> **WHAT TO WORK ON**: Every line containing the word "simp" must be pulled from the records.

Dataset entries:
■ ■ ■ ■ ■
lemma removed_twins_no_unique_covers:
  assumes "slimming_invariant S" "\<nexists>a b. unique_covers x a b"
  shows "{y. y \<notin> S \<and> twins y x} = {}"
proof -
  have "\<not> twins y x" if "y \<notin> S" for y
  proof
    assume "twins y x"
    obtain a b c1 c2 where "unique_covers y a b" "covering_square a c1 c2 b" "{a, b, c1, c2} \<subseteq> S"
      using assms(1) \<open>y \<notin> S\<close> by (rule slimming_invariant_removedE)
    then show False using \<open>twins y x\<close> assms(2) unfolding twins_def by blast
  qed
  then show ?thesis by blast
qed

lemma card_removed_twins_iso:
  fixes S :: "'a::{finite,lattice} set" and S' :: "'b::{finite,lattice} set"
  assumes "semimodular TYPE('a)" "semimodular TYPE('b)" "planar_diagram p" "planar_diagram q"
    "full_slimming p S" "full_slimming q S'" "order_isomorphism \<phi>"
  shows "card {y. y \<notin> S \<and> twins y x} = card {y. \<phi> y \<notin> S' \<and> twins y x}"
proof -
  interpret order_isomorphism \<phi> by fact
  have preimage: "{y. \<phi> y \<notin> S' \<and> twins y x} = \<phi> -` {z. z \<notin> S' \<and> twins z (\<phi> x)}" by auto
  have "card {y. \<phi> y \<notin> S' \<and> twins y x} = card {z. z \<notin> S' \<and> twins z (\<phi> x)}"
    unfolding preimage by (rule card_vimage_inj[OF inj]) (use surj in auto)
  moreover have "card {y. y \<notin> S \<and> twins y x} = card {z. z \<notin> S' \<and> twins z (\<phi> x)}"
  proof (cases "\<exists>a b. unique_covers x a b")
    case True
    then obtain a b where "unique_covers x a b" by blast
    then have "unique_covers (\<phi> x) (\<phi> a) (\<phi> b)" by simp
    have "card {y. y \<notin> S \<and> twins y x} = card (interval_atoms a b) - min (card (interval_atoms a b)) 2"
      using removed_twins_unique_covers[OF slimming_invariant_full_slimming[OF assms(5)] \<open>unique_covers x a b\<close>]
        card_removed_interval_atoms[OF assms(1,3,5)] by simp
    moreover have "card {z. z \<notin> S' \<and> twins z (\<phi> x)} =
        card (interval_atoms (\<phi> a) (\<phi> b)) - min (card (interval_atoms (\<phi> a) (\<phi> b))) 2"
      using removed_twins_unique_covers[OF slimming_invariant_full_slimming[OF assms(6)]
          \<open>unique_covers (\<phi> x) (\<phi> a) (\<phi> b)\<close>]
        card_removed_interval_atoms[OF assms(2,4,6)] by simp
    ultimately show ?thesis by simp
  next
    case False
    moreover from this have "\<nexists>a b. unique_covers (\<phi> x) a b" using ex_unique_covers_iff by blast
    ultimately show ?thesis
      using removed_twins_no_unique_covers[OF slimming_invariant_full_slimming[OF assms(5)]]
        removed_twins_no_unique_covers[OF slimming_invariant_full_slimming[OF assms(6)]]
      by (metis card.empty)
  qed
  ultimately show ?thesis by simp
qed

lemma twins_perm_order_isomorphism:
  fixes \<pi> :: "'a::{finite,lattice} \<Rightarrow> 'a"
  assumes "bij \<pi>" "\<And>x. twins (\<pi> x) x"
  shows "order_isomorphism \<pi>"
proof
  show "bij \<pi>" by fact
  fix x y
  have eq: "\<pi> x = \<pi> y \<longleftrightarrow> x = y" using bij_is_inj[OF assms(1)] by (auto dest: injD)
  have "twins x (\<pi> x)" "twins y (\<pi> y)"
    using assms(2) equivp_symp[OF equivp_twins] by blast+
  show "\<pi> x \<le> \<pi> y \<longleftrightarrow> x \<le> y"
  proof
    assume "\<pi> x \<le> \<pi> y"
    then show "x \<le> y" using twins_le[OF assms(2) assms(2)] eq by blast
  next
    assume "x \<le> y"
    then show "\<pi> x \<le> \<pi> y" using twins_le[OF \<open>twins x (\<pi> x)\<close> \<open>twins y (\<pi> y)\<close>] eq by blast
  qed
qed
■ ■ ■ ■ ■
> **TASK OUTPUT**:
    then have "unique_covers (\<phi> x) (\<phi> a) (\<phi> b)" by simp
        card_removed_interval_atoms[OF assms(1,3,5)] by simp
        card_removed_interval_atoms[OF assms(2,4,6)] by simp
    ultimately show ?thesis by simp
  ultimately show ?thesis by simp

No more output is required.